The other day, Mark Bernstein suggested that there might have been a decrease in link-based scholarly conversations between a group of bloggers who often linked to each other two or three years ago. Stephanie Hendrick followed up, saying that she believed this to be true of this particular group of colleagues, but also saying that there are other ways in which the group stays connected.

Stephanie Hendrick and Lilia Efimova’s recent paper on weblog communities is particularly interesting to me in that it argues that simply measuring links is not enough. They suggest a number of other artefacts of blog communites that need to be considered. We might write about shared events, all posting notes from the same conference without explicitly linking to each others writeups. You might see memes moving between us. For instance, I might start using a word or idea from Torill‘s blog without linking to her, or when I started showing Flickr photos that was copied from a number of blogs, including Caterina‘s and Scott‘s and Liz‘s, or that map of where readers are, which I first noticed on Thomas‘s blogs, but which I later realised he’d got from Jon‘s. While direct links are part of this, they’re not the only markers of shared ideas, and I’m sure that these other more diffuse artefacts are important in the development of research and of shared ideas, although this is hard to measure.

This morning, danah boyd wrote about the lies that “hard” or “objective” social data tell, using the example of Cobot (PDF), a social scientist harvesting bot from LambdaMOO, and pointing out that simply measuring connections between people does not translate easily into meaningful social data:

I talk to Phil from the corner deli more frequently than my best friend or my mother simply because of proximity. Yet, they play a much more central emotional role in my life than Phil. Quantity and quality are often not correlated. Yet, if some system were to rank my relations and Phil came out above my mom, damn straight she’d be pissed.

Mark would like (as I understand him) to see more scholarly, clearly linked hypertexts that are written as collaborative debates between blogs. He even suggests links should be typed, to mark the difference between a social reference to another scholar and a link that debates an idea expressed by that scholar. That would be lovely, but I suspect that such discussions will be the exception rather than the rule. Blogs are messier, I think, more like the often productive conversations that happen in coffee breaks at conferences than journal articles.
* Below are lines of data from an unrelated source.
(* Let $\mathbb{K}$ be a field, $H$ a Hopf algebra over $\mathbb{K}$ with bijective antipode, $n\in\mathbb{N}$ and $h\in H^{tr}$. Let $B\subseteq A$ be a principal $H$-comodule algebra with a strong connection $\ell$, let $\bar A$ be a right $H$-comodule algebra with $\bar B=\bar A^{coH}$, and let $f:A\to\bar A$ be a unital right $H$-comodule algebra morphism (so $f(B)\subseteq\bar B$ and $\bar\ell:=(f\otimes f)\circ\ell$ is a strong connection for $\bar B\subseteq\bar A$). Then the characteristic classes are natural: $$HC_{2n}(f|_B)\big(\mathrm{chw}_n(\ell)(h)\big)=\mathrm{chw}_n(\bar\ell)(h)\quad\text{in } HC_{2n}(\bar B),$$ i.e. the assignment $[A]\mapsto \mathrm{chw}_n(\ell_A)(h)$ is a natural transformation from the functor sending $B$ to the set of isomorphism classes of principal $H$-comodule algebras over $B$ (with $f$ acting by $[A]\mapsto[\bar B\otimes_B A]\cong[\bar A]$) to cyclic homology $HC_{2n}(-)$.
   Context: A principal $H$-comodule algebra $B\subseteq A$: $A$ is a right $H$-comodule algebra (coaction $a\mapsto a_{(0)}\otimes a_{(1)}$ an algebra map), $B=A^{coH}$ its coinvariants, the map $A\otimes_BA\to A\otimes H$, $a\otimes_B\tilde a\mapsto a\tilde a_{(0)}\otimes\tilde a_{(1)}$ is bijective and $A$ is faithfully flat over $B$. A strong connection is a linear map $\ell:H\to A\otimes A$, $\ell(h)=h^{\langle1\rangle}\otimes h^{\langle2\rangle}$, satisfying $h^{\langle1\rangle}\otimes h^{\langle2\rangle}{}_{(0)}\otimes h^{\langle2\rangle}{}_{(1)}=h_{(1)}{}^{\langle1\rangle}\otimes h_{(1)}{}^{\langle2\rangle}\otimes h_{(2)}$, $h^{\langle1\rangle}{}_{(0)}\otimes h^{\langle2\rangle}\otimes h^{\langle1\rangle}{}_{(1)}=h_{(2)}{}^{\langle1\rangle}\otimes h_{(2)}{}^{\langle2\rangle}\otimes S(h_{(1)})$, and $h^{\langle1\rangle}h^{\langle2\rangle}{}_{(0)}\otimes h^{\langle2\rangle}{}_{(1)}=1_A\otimes h$. Cotraces: $H^{tr}=\{h\in H\mid h_{(1)}\otimes h_{(2)}=h_{(2)}\otimes h_{(1)}\}$. For $h\in H^{tr}$ and $m\in\mathbb{N}$ set $x_m(\ell,h)=h_{(m+1)}{}^{\langle2\rangle}h_{(1)}{}^{\langle1\rangle}\otimes h_{(1)}{}^{\langle2\rangle}h_{(2)}{}^{\langle1\rangle}\otimes\cdots\otimes h_{(m)}{}^{\langle2\rangle}h_{(m+1)}{}^{\langle1\rangle}\in B^{\otimes(m+1)}$. The Chern–Weil homomorphism $\mathrm{chw}_n(\ell):H^{tr}\to HC_{2n}(B)$ sends $h$ to the cyclic homology class of $\sum_{i=0}^{2n}(-1)^{\lfloor i/2\rfloor}\frac{i!}{\lfloor i/2\rfloor!}x_i(\ell,h)$ (this is a cycle in Connes' cyclic complex of $B$, by work of Hajac–Maszczyk). $HC_{2n}(f|_B)$ is the map induced on cyclic homology by the algebra map $f|_B:B\to\bar B$. *)

theory Defs
  imports Complex_Main
begin
(* Let $A,B\in\mathbb{Z}$ satisfy $|A|\leq B$ and $2|A|\geq B+3$, and let $T$ be the tile defined below and $c(T)=-T$. Then $T\cap c(T)$ contains at least two points.
   Context: Let $a(x,y)=(x+1,y)$ and $c(x,y)=(-x,-y)$. Let $g(\mathbf{x})=\begin{pmatrix}0&-B\\1&-A\end{pmatrix}\mathbf{x}+\left(\frac{B-1}{2},0\right)^T$, $\mathcal{D}=\{id,a,\dots,a^{B-2},c\}$ (note $B\geq 3$ under the hypotheses), and let $T$ be the unique nonempty compact set with $g(T)=\bigcup_{\delta\in\mathcal{D}}\delta(T)$. *)

theory Defs
  imports "HOL-Analysis.Analysis"
begin

definition tr_a :: "real \<times> real \<Rightarrow> real \<times> real" where
  "tr_a = (\<lambda>(x, y). (x + 1, y))"

definition rot_c :: "real \<times> real \<Rightarrow> real \<times> real" where
  "rot_c = (\<lambda>(x, y). (- x, - y))"

definition gmap :: "int \<Rightarrow> int \<Rightarrow> real \<times> real \<Rightarrow> real \<times> real" where
  "gmap A B = (\<lambda>(x, y). (- real_of_int B * y + (real_of_int B - 1) / 2,
                         x - real_of_int A * y))"

definition digits :: "int \<Rightarrow> (real \<times> real \<Rightarrow> real \<times> real) set" where
  "digits B = {tr_a ^^ k | k. k \<le> nat (B - 2)} \<union> {rot_c}"

definition is_tile :: "int \<Rightarrow> int \<Rightarrow> (real \<times> real) set \<Rightarrow> bool" where
  "is_tile A B T \<longleftrightarrow> T \<noteq> {} \<and> compact T \<and>
     gmap A B ` T = (\<Union>\<delta>\<in>digits B. \<delta> ` T)"
lemma cre_prob_mono:
  assumes "n1 \<le> n" and "\<And>z. z \<in> cre n n1 \<Longrightarrow> E z \<Longrightarrow> F z"
  shows "cre_prob n n1 E \<le> cre_prob n n1 F"
proof -
  have "card (cre n n1 \<inter> {z. E z}) \<le> card (cre n n1 \<inter> {z. F z})"
    using assms(2) cre_finite by (intro card_mono) auto
  then show ?thesis
    using cre_finite cre_nonempty[OF assms(1)]
    by (simp add: cre_prob_def measure_pmf_of_set divide_right_mono)
qed

lemma cre_prob_disj_le: "cre_prob n n1 (\<lambda>z. E z \<or> F z) \<le> cre_prob n n1 E + cre_prob n n1 F"
  unfolding cre_prob_def Collect_disj_eq
  by (rule measure_subadditive) (simp_all add: measure_pmf.emeasure_finite)

lemma cre_prob_not: "cre_prob n n1 (\<lambda>z. \<not> E z) = 1 - cre_prob n n1 E"
  unfolding cre_prob_def Collect_neg_eq Compl_eq_Diff_UNIV
  using measure_pmf.prob_compl[of "{z. E z}"] by simp
(* Let $\mathcal C$ be a category of partitions and $p\in P(0,l)$, written as a word $p=a_{i(1)}^{k_1}a_{i(2)}^{k_2}\cdots a_{i(n)}^{k_n}$ with $k_j\ge 1$ and $a_{i(j)}\neq a_{i(j+1)}$ for $j=1,\dots,n-1$. (a) Put $k_j'=1$ if $k_j$ is odd and $k_j'=2$ if $k_j$ is even, and $p'=a_{i(1)}^{k_1'}\cdots a_{i(n)}^{k_n'}$. If $b_4\in\mathcal C$, then $p\in\mathcal C$ if and only if $p'\in\mathcal C$. (b) Put $k_j''=1$ if $k_j$ is odd and $k_j''=0$ if $k_j$ is even, and $p''=a_{i(1)}^{k_1''}\cdots a_{i(n)}^{k_n''}$ (possibly the empty partition $\emptyset$). If $\rho\in\mathcal C$, then $p\in\mathcal C$ if and only if $p''\in\mathcal C$.
   Context: A partition $p\in P(k,l)$ ($k,l\ge 0$) is a partition of the disjoint union of $k$ ordered upper points $1,\dots,k$ and $l$ ordered lower points $1',\dots,l'$ into nonempty disjoint subsets called blocks; $P=\bigcup_{k,l}P(k,l)$, and $\emptyset\in P(0,0)$ is the empty partition, which belongs to every category of partitions. Operations on partitions: the tensor product $p\otimes q$ (horizontal juxtaposition, $q$ placed to the right of $p$); the composition of $p\in P(k,l)$ with $q\in P(l,m)$ (stack $p$ on top of $q$, identify the lower points of $p$ with the upper points of $q$, merge blocks connected through these middle points, then erase the middle points and any block lying entirely among them), giving a partition in $P(k,m)$; the involution $p^*$ (reflection of $p$ upside down); and rotation (moving the leftmost, resp. rightmost, point of one row to the leftmost, resp. rightmost, position of the other row, keeping the blocks). A category of partitions is a subset $\mathcal C\subseteq P$ containing the pair partition $\sqcap\in P(0,2)$ (one block consisting of two lower points) and the identity partition $|\in P(1,1)$ (one block $\{1,1'\}$), and closed under these four operations. Special partitions: the four block $b_4\in P(0,4)$ (one block of four lower points); the pair positioner $\rho\in P(3,3)$ with blocks $\{1,2,2',3'\}$ and $\{3,1'\}$. Words: a partition $p\in P(0,l)$ is identified with a word $x_1x_2\cdots x_l$ of length $l$ in letters $a_1,a_2,\dots$, where the lower points $1,\dots,l$ (left to right) are labelled by letters, two points carrying the same letter if and only if they lie in the same block; conversely every word of length $l$ defines a partition in $P(0,l)$ in this way. Exponent notation $a^k$ means $k$ consecutive points labelled $a$. *)

theory Defs
  imports "HOL-Library.Disjoint_Sets"
begin

text \<open>A point is (False, i) for the upper point i+1 and (True, j) for the lower
point (j+1)'; indices are 0-based. A partition in P(k,l) is a triple (k, l, B)
where B is a set partition (set of nonempty disjoint blocks) of the k+l points.\<close>

type_synonym point = "bool \<times> nat"
type_synonym partition = "nat \<times> nat \<times> point set set"

definition upp :: "partition \<Rightarrow> nat" where "upp p = fst p"
definition low :: "partition \<Rightarrow> nat" where "low p = fst (snd p)"
definition blk :: "partition \<Rightarrow> point set set" where "blk p = snd (snd p)"

definition pts :: "nat \<Rightarrow> nat \<Rightarrow> point set" where
  "pts k l = {(False, i) | i. i < k} \<union> {(True, j) | j. j < l}"

definition is_part :: "partition \<Rightarrow> bool" where
  "is_part p \<longleftrightarrow> partition_on (pts (upp p) (low p)) (blk p)"

definition shift_pt :: "nat \<Rightarrow> nat \<Rightarrow> point \<Rightarrow> point" where
  "shift_pt k l x = (if fst x then (True, snd x + l) else (False, snd x + k))"

definition tensor :: "partition \<Rightarrow> partition \<Rightarrow> partition" where
  "tensor p q = (upp p + upp q, low p + low q,
      blk p \<union> (\<lambda>X. shift_pt (upp p) (low p) ` X) ` blk q)"

definition invol :: "partition \<Rightarrow> partition" where
  "invol p = (low p, upp p, (\<lambda>X. (\<lambda>x. (\<not> fst x, snd x)) ` X) ` blk p)"

text \<open>Composition of p in P(k,l) (on top) with q in P(l,m) (below).
Points of the stacked picture: (0,i) upper of p, (1,j) middle, (2,t) lower of q.\<close>
definition emb_top :: "point \<Rightarrow> nat \<times> nat" where
  "emb_top x = (if fst x then (1, snd x) else (0, snd x))"
definition emb_bot :: "point \<Rightarrow> nat \<times> nat" where
  "emb_bot x = (if fst x then (2, snd x) else (1, snd x))"
definition emb_res :: "point \<Rightarrow> nat \<times> nat" where
  "emb_res x = (if fst x then (2, snd x) else (0, snd x))"

definition block_rel :: "(point \<Rightarrow> nat \<times> nat) \<Rightarrow> point set set \<Rightarrow> ((nat \<times> nat) \<times> (nat \<times> nat)) set" where
  "block_rel e B = {(e x, e y) | x y. \<exists>X\<in>B. x \<in> X \<and> y \<in> X}"

definition comp :: "partition \<Rightarrow> partition \<Rightarrow> partition" where
  "comp p q = (upp p, low q,
     pts (upp p) (low q) //
       {(x, y). x \<in> pts (upp p) (low q) \<and> y \<in> pts (upp p) (low q) \<and>
          (emb_res x, emb_res y) \<in> (block_rel emb_top (blk p) \<union> block_rel emb_bot (blk q))\<^sup>*})"

text \<open>Rotations (each applied when the row from which the point is taken is nonempty).\<close>
definition rot_map :: "(point \<Rightarrow> point) \<Rightarrow> nat \<Rightarrow> nat \<Rightarrow> partition \<Rightarrow> partition" where
  "rot_map f k l p = (k, l, (\<lambda>X. f ` X) ` blk p)"

definition rot_left_down :: "partition \<Rightarrow> partition" where
  "rot_left_down p = rot_map (\<lambda>x. if x = (False, 0) then (True, 0)
      else if fst x then (True, snd x + 1) else (False, snd x - 1))
      (upp p - 1) (low p + 1) p"

definition rot_left_up :: "partition \<Rightarrow> partition" where
  "rot_left_up p = rot_map (\<lambda>x. if x = (True, 0) then (False, 0)
      else if fst x then (True, snd x - 1) else (False, snd x + 1))
      (upp p + 1) (low p - 1) p"

definition rot_right_down :: "partition \<Rightarrow> partition" where
  "rot_right_down p = rot_map (\<lambda>x. if x = (False, upp p - 1) then (True, low p) else x)
      (upp p - 1) (low p + 1) p"

definition rot_right_up :: "partition \<Rightarrow> partition" where
  "rot_right_up p = rot_map (\<lambda>x. if x = (True, low p - 1) then (False, upp p) else x)
      (upp p + 1) (low p - 1) p"

definition pair_part :: partition where
  "pair_part = (0, 2, {{(True, 0), (True, 1)}})"
definition id_part :: partition where
  "id_part = (1, 1, {{(False, 0), (True, 0)}})"
definition four_block :: partition where
  "four_block = (0, 4, {{(True, 0), (True, 1), (True, 2), (True, 3)}})"
definition pair_positioner :: partition where
  "pair_positioner = (3, 3, {{(False, 0), (False, 1), (True, 1), (True, 2)},
                             {(False, 2), (True, 0)}})"

definition category_of_partitions :: "partition set \<Rightarrow> bool" where
  "category_of_partitions C \<longleftrightarrow>
     (\<forall>p\<in>C. is_part p) \<and> pair_part \<in> C \<and> id_part \<in> C \<and>
     (\<forall>p\<in>C. \<forall>q\<in>C. tensor p q \<in> C) \<and>
     (\<forall>p\<in>C. \<forall>q\<in>C. low p = upp q \<longrightarrow> comp p q \<in> C) \<and>
     (\<forall>p\<in>C. invol p \<in> C) \<and>
     (\<forall>p\<in>C. upp p \<ge> 1 \<longrightarrow> rot_left_down p \<in> C \<and> rot_right_down p \<in> C) \<and>
     (\<forall>p\<in>C. low p \<ge> 1 \<longrightarrow> rot_left_up p \<in> C \<and> rot_right_up p \<in> C)"

text \<open>Words: a word of letters (natural numbers) defines a partition in P(0, length w):
lower points with the same letter form a block.\<close>
definition word_part :: "nat list \<Rightarrow> partition" where
  "word_part w = (0, length w,
     {{(True, j) | j. j < length w \<and> w ! j = a} | a. a \<in> set w})"

definition exp_word :: "nat list \<Rightarrow> nat list \<Rightarrow> nat list" where
  "exp_word xs ks = concat (map2 (\<lambda>a k. replicate k a) xs ks)"

end

theory Submission
  imports Defs
begin

text \<open>If a word lies in C, so does every word obtained from it by composing with
  id^{\<otimes>i} \<otimes> q for some q \<in> C, and rotations let such a rewrite act anywhere in
  the word. The reflected pair partition deletes a factor a a, so runs can be shortened by two.
  The rotated four block rewrites a into a a a, and so does the pair positioner, which turns x y z
  into z' x x (z' being z with y renamed to x), applied to a c c with c fresh; so in both cases
  runs can also be lengthened by two. With the pair positioner a factor a a can moreover be
  inserted anywhere: directly if a is fresh, and otherwise by tripling an occurrence of a and
  moving the extra pair along the word.\<close>

lemma upp_simp [simp]: "upp (k, l, B) = k" by (simp add: upp_def)
lemma low_simp [simp]: "low (k, l, B) = l" by (simp add: low_def)
lemma blk_simp [simp]: "blk (k, l, B) = B" by (simp add: blk_def)

definition idn :: "nat \<Rightarrow> partition" where
  "idn n = (n, n, {{(False, t), (True, t)} | t. t < n})"

lemma empty_part_in:
  assumes "category_of_partitions C"
  shows "(0, 0, {}) \<in> C"
proof -
  have "pair_part \<in> C" "invol pair_part \<in> C" "low pair_part = upp (invol pair_part)"
    using assms by (auto simp: category_of_partitions_def pair_part_def invol_def)
  then have "comp pair_part (invol pair_part) \<in> C"
    using assms unfolding category_of_partitions_def by blast
  moreover have "comp pair_part (invol pair_part) = (0, 0, {})"
    by (simp add: comp_def pair_part_def invol_def pts_def)
  ultimately show ?thesis by simp
qed

lemma idn_in:
  assumes C: "category_of_partitions C"
  shows "idn n \<in> C"
proof (induction n)
  case 0
  then show ?case using empty_part_in[OF C] by (simp add: idn_def)
next
  case (Suc n)
  then have "tensor (idn n) id_part \<in> C" using C unfolding category_of_partitions_def by blast
  moreover have "tensor (idn n) id_part = idn (Suc n)"
    by (auto simp: tensor_def idn_def id_part_def shift_pt_def less_Suc_eq)
  ultimately show ?case by simp
qed

lemma comp_tensor_idn_in:
  assumes C: "category_of_partitions C" and "p \<in> C" "q \<in> C" "low p = i + upp q"
  shows "comp p (tensor (idn i) q) \<in> C"
proof -
  have "tensor (idn i) q \<in> C" using C \<open>q \<in> C\<close> idn_in[OF C] unfolding category_of_partitions_def by blast
  moreover have "low p = upp (tensor (idn i) q)" using \<open>low p = i + upp q\<close> by (simp add: tensor_def idn_def)
  ultimately show ?thesis using C \<open>p \<in> C\<close> unfolding category_of_partitions_def by blast
qed

definition stack_rel :: "partition \<Rightarrow> partition \<Rightarrow> ((nat \<times> nat) \<times> (nat \<times> nat)) set" where
  "stack_rel p q = block_rel emb_top (blk p) \<union> block_rel emb_bot (blk q)"

lemma block_relI: "X \<in> B \<Longrightarrow> x \<in> X \<Longrightarrow> y \<in> X \<Longrightarrow> (e x, e y) \<in> block_rel e B"
  unfolding block_rel_def by blast

lemma block_relE:
  assumes "(a, b) \<in> block_rel e B"
  obtains X x y where "X \<in> B" "x \<in> X" "y \<in> X" "a = e x" "b = e y"
  using assms unfolding block_rel_def by blast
While social clusters are important (of course I care about what my friends who did their PhDs at the same time as me and went to the same conferences and sometimes got their grants from the same programs and with whom I have so many shared references – I’ll follow their blogs whether or not their current research is still directly relevant to my current research) they’re not necessarily where the explicitly marked academic discussions are going to happen. Perhaps it’s a mistake to confuse scholarly debate with the idea of social ties, or a cluster.

I love links. I love writing with links, and this is an important part of network literacy. Let’s also remember the less explicit and visible ways in which ideas evolve and are shared. And remember: even hypertext doesn’t require links.